With the renovations coming to an end, Charlotte succumbed to the inevitable, found
herself pregnant and giving birth to a succession of four sweet-faced babies in close order. After
the last one popped out she confirmed motherhood wasn’t really for her and withdrew into world
of artistic denial. We were loved, but it was an odd and distant affection void of touching and
whisperings of sweet little things that would naturally be expected. The daily grind of domestic
duties and responsibilities were impossible for Charlotte to swallow, but she did the best she
could under the circumstances.
#
A second memory popped in my head when I was inside the house and entered the
kitchen. I remember long after my father died, an electrician was summoned to repair a broken
light. A dead rat playing with the ceiling wires had screamed Sweet Jesus in the middle of
night, got fried and took the electricity with it, leaving the overheard fixture worthless. Its
blackened body was hidden behind sheetrock and told the story of its unlucky demise and the
mystery of Charlotte’s dead light. The only things that survived were its skeleton and pearly-
white choppers. For months, Charlotte had eaten breakfast, lunch and dinner in the dark,
oblivious to the noxious smell. It was only when I came for a visit—did the situation rightly get
addressed. She was upset about the matter—not for herself and the inconvenience of it all—but
for the rat. After she saw its remains and understood how it met its untimely death, Charlotte
hung her head and moaned, “Poor little thing.”

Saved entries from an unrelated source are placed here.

lemma lhv_lossy_of_bloch_correlations:
  fixes Aop :: "'s \<Rightarrow> real \<Rightarrow> qmat" and dir :: "'s \<Rightarrow> real^3"
  assumes "0 \<le> \<eta>" "\<eta> \<le> mean_abs_coord"
    and dir: "\<And>s. s \<in> SA \<Longrightarrow> norm (dir s) = 1"
    and corr: "\<And>s a M. s \<in> SA \<Longrightarrow> hermitian2 M \<Longrightarrow>
      bell_corr (Aop s a) M = complex_of_real ((bloch_scalar M + a * (dir s \<bullet> bloch_vector M)) / 2)"
  shows "lhv_lossy SA Aop \<eta>"
proof -
  have model_corr: "bell_corr (Aop s a) (lossy \<eta> B ob) = complex_of_real
      (\<integral>v. alice_response (dir s) a v * bob_response \<eta> m B ob v \<partial>unit_ball_measure)"
    if "s \<in> SA" "is_povm m B" "ob \<in> lossy_outcomes m" for s a m B ob
    using that by (simp add: corr hermitian2_lossy integral_alice_response_mult_bob_response dir)
  show ?thesis
    unfolding lhv_lossy_def
    using prob_space_unit_ball_measure bob_response_nonneg[OF assms(1,2)] sum_bob_response model_corr
    by (intro exI[of _ unit_ball_measure] exI[of _ "\<lambda>s. alice_response (dir s)"]
        exI[of _ "bob_response \<eta>"])
      (auto simp: alice_response_def sgn_real_def)
qed
lemma exists_lipschitz_local_trace:
  fixes f :: "'a::real_inner \<Rightarrow> 'b::real_inner"
  assumes K: "convex K" and v: "norm v = 1" and seg: "\<And>t. t \<in> {0..1} \<Longrightarrow> a + t *\<^sub>R v \<in> K"
    and t0: "t0 \<in> {0..1}" and f: "1-lipschitz_on K f" and p: "1-lipschitz_on {0..1} p"
    and e: "norm e = 1" and r: "r > 0"
    and p_t0: "\<bar>p t0 - inner (f (a + t0 *\<^sub>R v)) e\<bar> \<le> r / 2"
  shows "\<exists>g. 1-lipschitz_on K g \<and> (\<forall>x\<in>K. norm (g x - f x) \<le> 2 * r) \<and>
           (\<forall>t\<in>{t0 - r/4<..<t0 + r/4} \<inter> {0..1}. inner (g (a + t *\<^sub>R v)) e = p t)"
proof -
  define x0 where "x0 = a + t0 *\<^sub>R v"
  define c where "c = inner (f x0) e"
  define h where "h x = max 0 (r - norm (x - x0))" for x
  define \<psi> where "\<psi> x = max (- h x) (min (h x) (p (segment_param a v x) - c))" for x
  define g where "g x = f (x0 + radial_shrink r (x - x0)) + \<psi> x *\<^sub>R e" for x
  have x0: "x0 \<in> K" using seg t0 by (simp add: x0_def)
  have h_lip: "1-lipschitz_on K h"
  proof (rule lipschitz_onI)
    fix x y
    have "\<bar>norm (x - x0) - norm (y - x0)\<bar> \<le> norm (x - y)"
      using norm_triangle_ineq3[of "x - x0" "y - x0"] by simp
    then show "dist (h x) (h y) \<le> 1 * dist x y"
      by (simp add: h_def dist_real_def dist_norm max_def abs_le_iff)
  qed simp
  have "1-lipschitz_on K (\<lambda>x. p (segment_param a v x) - c)"
    using lipschitz_on_diff[OF lipschitz_on_comp_segment_param[OF eq_refl[OF v] p] lipschitz_on_constant]
    by simp
  then have \<psi>_lip: "1-lipschitz_on K \<psi>"
    unfolding \<psi>_def by (intro lipschitz_on_max lipschitz_on_min lipschitz_on_minus h_lip)
  have h_le: "h x \<le> r" and \<psi>_bound: "\<bar>\<psi> x\<bar> \<le> h x" for x
    using r by (auto simp: \<psi>_def h_def abs_le_iff)
  have "1-lipschitz_on K g"
    unfolding g_def
    by (rule lipschitz_on_ball_collapse_plus_bump[OF K x0 _ f \<psi>_lip _ e])
      (use r \<psi>_bound in \<open>auto simp: h_def\<close>)
  moreover have "norm (g x - f x) \<le> 2 * r" if "x \<in> K" for x
  proof -
    have "norm (g x - f x) \<le> norm (f (x0 + radial_shrink r (x - x0)) - f x) + \<bar>\<psi> x\<bar>"
      using norm_triangle_ineq[of "f (x0 + radial_shrink r (x - x0)) - f x" "\<psi> x *\<^sub>R e"] e
      by (simp add: g_def algebra_simps)
    also have "\<dots> \<le> norm (radial_shrink r (x - x0) - (x - x0)) + h x"
      using lipschitz_on_normD[OF f ball_collapse_in_convex[OF K x0 that less_imp_le[OF r]] that]
        \<psi>_bound[of x]
      by (simp add: algebra_simps)
    also have "\<dots> \<le> 2 * r"
      using norm_radial_shrink_minus_le[of r "x - x0"] h_le[of x] r by simp
    finally show ?thesis .
  qed
  moreover have "inner (g (a + t *\<^sub>R v)) e = p t"
    if t: "t \<in> {t0 - r/4<..<t0 + r/4} \<inter> {0..1}" for t
  proof -
    have dist_t: "norm (a + t *\<^sub>R v - x0) = \<bar>t - t0\<bar>"
      using v by (simp add: x0_def flip: scaleR_diff_left)
    have near: "\<bar>t - t0\<bar> < r / 4" using t unfolding abs_less_iff by auto
    have "\<bar>p t - p t0\<bar> \<le> \<bar>t - t0\<bar>"
      using lipschitz_onD[OF p] t t0 by (simp add: dist_real_def)
    then have "\<bar>p t - c\<bar> \<le> r - \<bar>t - t0\<bar>"
      using p_t0 near unfolding c_def x0_def by arith
    then have "\<bar>p t - c\<bar> \<le> h (a + t *\<^sub>R v)"
      using dist_t by (simp add: h_def)
    then have "\<psi> (a + t *\<^sub>R v) = p t - c"
      using segment_param_along[OF v] t by (auto simp: \<psi>_def abs_le_iff)
    moreover have "radial_shrink r (a + t *\<^sub>R v - x0) = 0"
      using dist_t near r by (simp add: radial_shrink_def)
    ultimately show ?thesis
      using e by (simp add: g_def c_def inner_add_left power2_norm_eq_inner[symmetric])
  qed
  ultimately show ?thesis by blast
qed

lemma norm_vec_CARD_1:
  fixes z :: "real ^ 'n"
  assumes "CARD('n) = 1"
  shows "norm z = \<bar>z $ i\<bar>"
proof -
  have UNIV: "UNIV = {i}" using assms by (metis UNIV_I card_1_singletonE singletonD)
  show ?thesis unfolding norm_vec_def L2_set_def UNIV by simp
qed
(* Let $\theta$ be a $\mathbb C$-linear operator on $\Lambda$. Then $E^a\theta=\theta E^a$ for all $a\in\mathbb C$ if and only if $\theta$ is a complex formal power series in the iterated symmetric derivatives $\mathbf D_1,\mathbf D_2,\dots$. That is, if and only if there are complex numbers $c_k$, indexed by finitely supported sequences $k=(k_1,k_2,\dots)$ of nonnegative integers, such that $\theta p=\sum_k c_k\mathbf D_1^{k_1}\mathbf D_2^{k_2}\cdots p$ for every $p\in\Lambda$.
   Context: $\Lambda$ is the algebra of symmetric functions with complex coefficients in the variables $\mathbf y=(y_1,y_2,\dots)$, with basis the monomial symmetric functions $m_\lambda(\mathbf y)$, $\lambda$ ranging over partitions. For $i\ge1$, the $i$-th symmetric derivative $\mathbf D_i$ is the linear operator on $\Lambda$ given by: - $\mathbf D_i m_\lambda=i!\,m_{\lambda\setminus i}$ if $i$ is a part of $\lambda$, where $\lambda\setminus i$ removes one part equal to $i$; - $\mathbf D_i m_\lambda=0$ otherwise. For $a\in\mathbb C$, the symmetric shift $E^a$ is the operator $E^ap(y_1,y_2,\dots)=p(a,y_1,y_2,\dots)$. For each $p$ only finitely many terms of the formal series act nonzero, so the series is well defined. *)

theory Defs
  imports Complex_Main "HOL-Library.Multiset"
begin

text \<open>Symmetric functions in the variables y_0, y_1, y_2, ... (0-based indexing of
the paper's y_1, y_2, ...), represented by their coefficient function on
exponent vectors (monomials) alpha :: nat => nat with finite support.\<close>

type_synonym expo = "nat \<Rightarrow> nat"
type_synonym sfun = "expo \<Rightarrow> complex"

I found myself acting as the butt-girl for Charlotte’s insurance company since she was
old and required assistance. Extensive documentation was needed before the big boys in
Hartford were going to cut a check to cover the extensive repairs. I figured where there was
smoke there was fire, so with camera in one hand and ladder in the other I investigated further.
To my dismay, but not surprise, more evidence of rats were discovered in the common wall
between the kitchen and the garage. The furry critters had left five feet worth of poop in the
rafters as well. It was a disaster created by her good will and concern for wild things.
While my finger was going click, click, click taking picture after picture Charlotte
was back to her old tricks and sneaking out the back door, placing a bowl of dog food under the
maple tree not five feet from the house. Even though I lectured her about feeding wild animals,
she figured the damage was already done, I guess. When I caught her in the act and she saw my
furrowed brow, she smiled without apology.
Her voice sang, “Darlin’, you know all critters have to eat. Rats are God’s children, too.”
#
As the noon day horn pierced the sky on my first day back on Long Island, I paused. I
thought it funny (but not haha funny) that I didn’t cry at either of my parent’s funerals. I had
been a stoic void of emotion, like a lifeless doll. Now here, in the family house the memories
nudged my true feelings. My breath slowed while my arms crossed against my chest. I let the
tears fall from my eyes and bathe me as if being christened by something that was deep in my
heart but not able to be fully realized.